* [Data to use]:
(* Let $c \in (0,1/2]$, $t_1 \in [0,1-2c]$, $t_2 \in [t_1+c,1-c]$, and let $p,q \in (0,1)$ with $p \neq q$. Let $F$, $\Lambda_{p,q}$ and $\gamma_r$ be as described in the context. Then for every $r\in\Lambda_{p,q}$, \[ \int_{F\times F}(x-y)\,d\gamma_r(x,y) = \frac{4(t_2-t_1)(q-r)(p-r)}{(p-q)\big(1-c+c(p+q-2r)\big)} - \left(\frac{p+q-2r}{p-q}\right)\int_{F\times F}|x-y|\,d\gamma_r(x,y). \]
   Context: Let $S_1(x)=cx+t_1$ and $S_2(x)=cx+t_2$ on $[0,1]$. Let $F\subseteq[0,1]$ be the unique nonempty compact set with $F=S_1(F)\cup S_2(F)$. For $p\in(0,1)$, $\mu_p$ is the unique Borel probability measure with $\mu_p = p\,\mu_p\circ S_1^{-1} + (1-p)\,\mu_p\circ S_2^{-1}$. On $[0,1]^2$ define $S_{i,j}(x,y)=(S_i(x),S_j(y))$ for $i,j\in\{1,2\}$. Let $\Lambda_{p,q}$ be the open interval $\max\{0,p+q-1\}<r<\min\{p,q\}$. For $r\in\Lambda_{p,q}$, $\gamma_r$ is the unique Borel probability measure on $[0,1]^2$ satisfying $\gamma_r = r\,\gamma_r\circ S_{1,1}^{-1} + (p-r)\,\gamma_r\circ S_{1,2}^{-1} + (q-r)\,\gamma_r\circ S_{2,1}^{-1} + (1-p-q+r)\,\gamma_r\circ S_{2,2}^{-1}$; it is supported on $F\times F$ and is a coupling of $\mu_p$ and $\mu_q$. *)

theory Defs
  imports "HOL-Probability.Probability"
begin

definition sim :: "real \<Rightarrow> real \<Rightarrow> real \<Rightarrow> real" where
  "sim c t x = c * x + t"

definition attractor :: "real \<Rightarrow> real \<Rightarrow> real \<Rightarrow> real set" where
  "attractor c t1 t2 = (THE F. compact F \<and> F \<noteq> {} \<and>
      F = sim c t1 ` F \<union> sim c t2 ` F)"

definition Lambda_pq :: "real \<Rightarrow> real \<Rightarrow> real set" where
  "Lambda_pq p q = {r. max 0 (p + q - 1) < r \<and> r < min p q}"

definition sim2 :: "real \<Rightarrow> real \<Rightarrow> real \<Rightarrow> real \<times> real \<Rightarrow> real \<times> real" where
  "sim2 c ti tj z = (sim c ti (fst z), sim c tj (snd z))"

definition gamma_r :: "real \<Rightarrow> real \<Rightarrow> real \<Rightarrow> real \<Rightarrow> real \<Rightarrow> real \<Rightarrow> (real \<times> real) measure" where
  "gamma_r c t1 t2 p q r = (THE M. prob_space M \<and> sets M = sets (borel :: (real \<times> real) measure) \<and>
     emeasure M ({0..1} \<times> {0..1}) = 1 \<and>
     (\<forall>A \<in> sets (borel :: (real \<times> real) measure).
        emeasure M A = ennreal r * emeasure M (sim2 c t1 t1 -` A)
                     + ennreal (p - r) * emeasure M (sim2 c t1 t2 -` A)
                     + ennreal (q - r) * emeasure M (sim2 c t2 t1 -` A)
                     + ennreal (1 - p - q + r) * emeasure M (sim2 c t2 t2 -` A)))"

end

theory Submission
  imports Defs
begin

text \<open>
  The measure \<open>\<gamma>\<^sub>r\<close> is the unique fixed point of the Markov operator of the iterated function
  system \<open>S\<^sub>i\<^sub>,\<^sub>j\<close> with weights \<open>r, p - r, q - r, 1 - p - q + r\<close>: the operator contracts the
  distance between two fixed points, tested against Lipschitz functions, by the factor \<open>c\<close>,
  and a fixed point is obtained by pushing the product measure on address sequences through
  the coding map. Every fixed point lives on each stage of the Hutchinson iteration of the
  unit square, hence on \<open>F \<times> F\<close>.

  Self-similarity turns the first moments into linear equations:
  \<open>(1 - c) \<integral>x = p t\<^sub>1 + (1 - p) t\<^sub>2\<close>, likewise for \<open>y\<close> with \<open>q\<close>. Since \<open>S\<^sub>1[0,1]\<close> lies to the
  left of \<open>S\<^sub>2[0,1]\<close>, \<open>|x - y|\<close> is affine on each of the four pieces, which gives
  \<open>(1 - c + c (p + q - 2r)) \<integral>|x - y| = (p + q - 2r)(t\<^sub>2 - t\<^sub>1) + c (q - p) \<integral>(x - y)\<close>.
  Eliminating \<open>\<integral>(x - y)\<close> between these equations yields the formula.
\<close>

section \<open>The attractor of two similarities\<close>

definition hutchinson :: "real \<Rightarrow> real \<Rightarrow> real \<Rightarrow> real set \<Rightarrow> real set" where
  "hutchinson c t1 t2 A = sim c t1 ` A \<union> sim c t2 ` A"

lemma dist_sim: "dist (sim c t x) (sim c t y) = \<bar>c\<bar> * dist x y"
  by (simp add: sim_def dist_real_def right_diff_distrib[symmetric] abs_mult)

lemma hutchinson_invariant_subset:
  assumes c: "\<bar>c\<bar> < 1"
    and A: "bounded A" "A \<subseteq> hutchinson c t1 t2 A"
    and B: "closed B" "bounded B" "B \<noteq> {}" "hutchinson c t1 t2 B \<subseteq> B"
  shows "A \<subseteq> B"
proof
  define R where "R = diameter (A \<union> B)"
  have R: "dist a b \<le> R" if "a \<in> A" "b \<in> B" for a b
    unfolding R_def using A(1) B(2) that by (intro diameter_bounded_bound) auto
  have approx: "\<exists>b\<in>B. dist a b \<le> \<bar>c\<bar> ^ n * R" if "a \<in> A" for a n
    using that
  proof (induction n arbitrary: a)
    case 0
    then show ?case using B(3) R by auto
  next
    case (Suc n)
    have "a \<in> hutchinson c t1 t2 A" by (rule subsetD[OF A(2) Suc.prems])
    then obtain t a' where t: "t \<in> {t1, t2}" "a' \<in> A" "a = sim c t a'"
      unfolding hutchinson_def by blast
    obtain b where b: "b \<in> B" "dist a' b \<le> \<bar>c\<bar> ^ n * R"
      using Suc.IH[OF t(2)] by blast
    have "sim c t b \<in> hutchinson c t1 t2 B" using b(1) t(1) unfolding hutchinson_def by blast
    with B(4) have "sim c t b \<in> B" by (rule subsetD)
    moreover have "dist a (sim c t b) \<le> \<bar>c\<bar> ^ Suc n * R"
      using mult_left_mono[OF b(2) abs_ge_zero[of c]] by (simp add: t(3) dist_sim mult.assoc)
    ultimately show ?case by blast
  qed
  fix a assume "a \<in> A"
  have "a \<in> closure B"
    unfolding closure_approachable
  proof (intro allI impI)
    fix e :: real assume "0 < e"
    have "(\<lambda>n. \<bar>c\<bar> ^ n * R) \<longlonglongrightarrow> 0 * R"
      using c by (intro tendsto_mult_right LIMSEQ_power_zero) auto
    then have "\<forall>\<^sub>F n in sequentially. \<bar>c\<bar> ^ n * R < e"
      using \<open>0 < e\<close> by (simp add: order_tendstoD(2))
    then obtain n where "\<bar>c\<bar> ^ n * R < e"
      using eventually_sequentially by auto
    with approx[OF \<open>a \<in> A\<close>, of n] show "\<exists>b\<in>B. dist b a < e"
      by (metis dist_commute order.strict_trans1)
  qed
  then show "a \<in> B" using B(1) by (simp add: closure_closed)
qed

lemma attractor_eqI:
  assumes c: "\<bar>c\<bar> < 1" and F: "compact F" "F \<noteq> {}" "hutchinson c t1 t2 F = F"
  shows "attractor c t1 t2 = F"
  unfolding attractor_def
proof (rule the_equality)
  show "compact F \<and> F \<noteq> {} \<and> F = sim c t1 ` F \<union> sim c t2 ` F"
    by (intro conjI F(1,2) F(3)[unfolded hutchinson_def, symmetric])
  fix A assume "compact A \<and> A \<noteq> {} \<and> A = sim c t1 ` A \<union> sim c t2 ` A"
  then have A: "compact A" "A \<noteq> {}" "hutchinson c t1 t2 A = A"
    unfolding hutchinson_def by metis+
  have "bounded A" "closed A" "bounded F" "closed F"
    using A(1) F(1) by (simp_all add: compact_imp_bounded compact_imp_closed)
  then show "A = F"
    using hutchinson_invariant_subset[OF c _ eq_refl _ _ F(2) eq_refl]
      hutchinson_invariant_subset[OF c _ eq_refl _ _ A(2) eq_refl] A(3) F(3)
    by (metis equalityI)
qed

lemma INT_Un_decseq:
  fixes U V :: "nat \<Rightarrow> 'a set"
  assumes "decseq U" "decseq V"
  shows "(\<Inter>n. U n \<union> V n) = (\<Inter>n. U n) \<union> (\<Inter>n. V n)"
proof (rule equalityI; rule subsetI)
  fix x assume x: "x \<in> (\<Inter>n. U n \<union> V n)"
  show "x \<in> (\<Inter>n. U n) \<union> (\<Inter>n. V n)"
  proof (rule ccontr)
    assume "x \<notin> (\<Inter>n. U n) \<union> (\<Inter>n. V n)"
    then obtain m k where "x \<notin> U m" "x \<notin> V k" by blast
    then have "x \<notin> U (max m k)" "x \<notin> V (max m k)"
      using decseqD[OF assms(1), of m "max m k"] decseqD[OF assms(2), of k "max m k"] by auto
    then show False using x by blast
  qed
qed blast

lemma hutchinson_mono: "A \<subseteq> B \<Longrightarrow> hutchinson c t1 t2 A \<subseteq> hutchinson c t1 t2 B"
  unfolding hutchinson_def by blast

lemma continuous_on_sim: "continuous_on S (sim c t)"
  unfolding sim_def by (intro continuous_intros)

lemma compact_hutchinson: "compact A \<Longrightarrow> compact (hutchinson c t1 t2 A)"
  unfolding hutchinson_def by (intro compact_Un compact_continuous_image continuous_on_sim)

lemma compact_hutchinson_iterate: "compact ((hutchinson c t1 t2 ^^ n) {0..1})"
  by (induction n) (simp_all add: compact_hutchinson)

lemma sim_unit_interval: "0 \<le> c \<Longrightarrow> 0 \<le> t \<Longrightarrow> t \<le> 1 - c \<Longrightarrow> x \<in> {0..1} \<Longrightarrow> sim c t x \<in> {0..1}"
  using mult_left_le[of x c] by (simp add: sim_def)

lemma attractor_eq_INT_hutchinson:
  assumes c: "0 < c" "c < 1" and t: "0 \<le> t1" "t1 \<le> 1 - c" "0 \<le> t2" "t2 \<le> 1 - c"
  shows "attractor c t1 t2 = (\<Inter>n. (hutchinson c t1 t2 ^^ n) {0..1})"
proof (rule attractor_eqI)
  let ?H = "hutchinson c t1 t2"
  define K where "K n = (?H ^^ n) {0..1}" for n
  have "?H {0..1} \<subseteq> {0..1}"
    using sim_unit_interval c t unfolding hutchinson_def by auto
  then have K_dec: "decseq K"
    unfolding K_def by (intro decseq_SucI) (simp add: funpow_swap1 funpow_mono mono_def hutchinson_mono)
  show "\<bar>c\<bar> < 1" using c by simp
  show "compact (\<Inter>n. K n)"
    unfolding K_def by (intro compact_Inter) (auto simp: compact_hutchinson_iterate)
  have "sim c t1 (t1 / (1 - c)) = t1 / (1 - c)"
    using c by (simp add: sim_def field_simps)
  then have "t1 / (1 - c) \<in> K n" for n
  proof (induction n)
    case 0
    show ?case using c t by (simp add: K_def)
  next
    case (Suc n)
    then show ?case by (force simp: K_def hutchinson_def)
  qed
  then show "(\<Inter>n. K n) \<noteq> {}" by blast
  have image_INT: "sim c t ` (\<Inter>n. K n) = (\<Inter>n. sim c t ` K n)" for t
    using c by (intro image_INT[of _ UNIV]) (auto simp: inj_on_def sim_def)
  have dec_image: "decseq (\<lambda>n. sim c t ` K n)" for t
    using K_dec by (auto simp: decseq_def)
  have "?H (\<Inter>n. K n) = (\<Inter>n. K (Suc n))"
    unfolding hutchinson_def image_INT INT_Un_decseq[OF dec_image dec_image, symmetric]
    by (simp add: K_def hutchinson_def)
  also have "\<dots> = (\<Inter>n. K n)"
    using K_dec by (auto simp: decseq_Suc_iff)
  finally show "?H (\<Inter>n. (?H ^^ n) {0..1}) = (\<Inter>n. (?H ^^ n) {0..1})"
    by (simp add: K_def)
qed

* [To do]:
Within the material above, copy exactly the lines from the line that holds "unfolding sim_def by" up to and including the line that holds "by (induction n)".

* [Output below]:
  unfolding sim_def by (intro continuous_intros)

lemma compact_hutchinson: "compact A \<Longrightarrow> compact (hutchinson c t1 t2 A)"
  unfolding hutchinson_def by (intro compact_Un compact_continuous_image continuous_on_sim)

lemma compact_hutchinson_iterate: "compact ((hutchinson c t1 t2 ^^ n) {0..1})"
  by (induction n) (simp_all add: compact_hutchinson)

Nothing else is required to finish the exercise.